Among the following, the brown ring is due to the formation of

When a freshly prepared solution of $$FeSO_4$$ is mixed with $$NaNO_3$$ and then concentrated $$H_2SO_4$$ is allowed to flow down the side of the test-tube, the classic “brown-ring” test for nitrate ions is performed.
The brown ring appears exactly at the junction of the two layers because a brown coloured nitrosyl-iron(II) complex is formed.

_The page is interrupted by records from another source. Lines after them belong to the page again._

lemma compatible_povms_if_compatible_instruments:
  fixes I :: "'x::finite \<Rightarrow> complex mat \<Rightarrow> complex mat" and J :: "'y::finite \<Rightarrow> complex mat \<Rightarrow> complex mat"
  assumes AI: "induced_povm h I AI" and AJ: "induced_povm h J AJ"
    and "compatible_instruments h k v I J"
  shows "compatible_povms h AI AJ"
proof -
  obtain G :: "'x \<times> 'y \<Rightarrow> complex mat \<Rightarrow> complex mat" where
    G: "is_instrument h (k * v) G" and
    marg: "\<And>\<rho>. is_state h \<rho> \<Longrightarrow>
      (\<forall>y. msum v v (\<lambda>x. ptrace_first k v (G (x, y) \<rho>)) UNIV = J y \<rho>) \<and>
      (\<forall>x. msum k k (\<lambda>y. ptrace_second k v (G (x, y) \<rho>)) UNIV = I x \<rho>)"
    using assms(3) unfolding compatible_instruments_def by blast
  define A where "A z = trace_dual h (G z)" for z
  have trA: "mtrace (A z * \<rho>) = mtrace (G z \<rho>)" if "is_state h \<rho>" for z \<rho>
    using that unfolding A_def by (simp add: mtrace_trace_dual[OF is_instrument_linear_map[OF G]] is_state_carrier)
  have GC: "is_state h \<rho> \<Longrightarrow> G z \<rho> \<in> carrier_mat (k * v) (k * v)" for z \<rho>
    using is_instrument_carrier[OF G] is_state_carrier by blast
  have "msum h h (\<lambda>x. A (x, y)) UNIV = AJ y" for y
  proof (rule msum_eq_if_mtrace_states_eq)
    fix \<rho>
    assume \<rho>: "is_state h \<rho>"
    have "mtrace (AJ y * \<rho>) = mtrace (msum v v (\<lambda>x. ptrace_first k v (G (x, y) \<rho>)) UNIV)"
      using AJ \<rho> marg[OF \<rho>] unfolding induced_povm_def by simp
    then show "(\<Sum>x\<in>UNIV. mtrace (A (x, y) * \<rho>)) = mtrace (AJ y * \<rho>)"
      using GC[OF \<rho>] by (simp add: trA[OF \<rho>] mtrace_msum_ptrace_first)
  qed (use AJ in \<open>auto simp: A_def induced_povm_def\<close>)
  moreover have "msum h h (\<lambda>y. A (x, y)) UNIV = AI x" for x
  proof (rule msum_eq_if_mtrace_states_eq)
    fix \<rho>
    assume \<rho>: "is_state h \<rho>"
    have "mtrace (AI x * \<rho>) = mtrace (msum k k (\<lambda>y. ptrace_second k v (G (x, y) \<rho>)) UNIV)"
      using AI \<rho> marg[OF \<rho>] unfolding induced_povm_def by simp
    then show "(\<Sum>y\<in>UNIV. mtrace (A (x, y) * \<rho>)) = mtrace (AI x * \<rho>)"
      using GC[OF \<rho>] by (simp add: trA[OF \<rho>] mtrace_msum_ptrace_second)
  qed (use AI in \<open>auto simp: A_def induced_povm_def\<close>)
  ultimately show ?thesis
    using is_povm_trace_dual_instrument[OF G] unfolding compatible_povms_def A_def by (intro exI) auto
qed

Step-1 Nitrate is reduced by $$Fe^{2+}$$ present in $$FeSO_4$$ to nitric oxide (NO):
$$\ce{NO_3^- + 3\,Fe^{2+} + 4\,H^+ \rightarrow 3\,Fe^{3+} + NO + 2\,H_2O}$$

Step-2 The freshly liberated NO immediately coordinates with the excess $$Fe^{2+}$$ still present in the lower layer (which is rich in $$FeSO_4$$) along with five water ligands to give the brown coloured complex:
$$\ce{[Fe(H_2O)_6]^{2+} + NO \;\;\longrightarrow\;\; [Fe(H_2O)_5(NO)]^{2+} + H_2O}$$

The coordination entity responsible for the colour is therefore
$$[Fe(NO)(H_2O)_5]^{2+}$$

Checking the given options:

• Option A $$[Fe(NO)_2(SO_4)_2]^{2-}$$ contains two NO ligands and sulphate ligands; such a species is not produced in the test.
• Option B $$[Fe(NO)_2(H_2O)_4]^{3+}$$ again has two NO ligands and the wrong charge.
• Option C $$[Fe(NO)_4(SO_4)_2]$$ is an unrealistically crowded tetranitrosyl species.
• Option D $$[Fe(NO)(H_2O)_5]^{2+}$$ matches the experimentally established composition of the brown-ring complex.

Hence, the brown ring is due to the formation of
Option D which is: $$[Fe(NO)(H_2O)_5]^{2+}$$.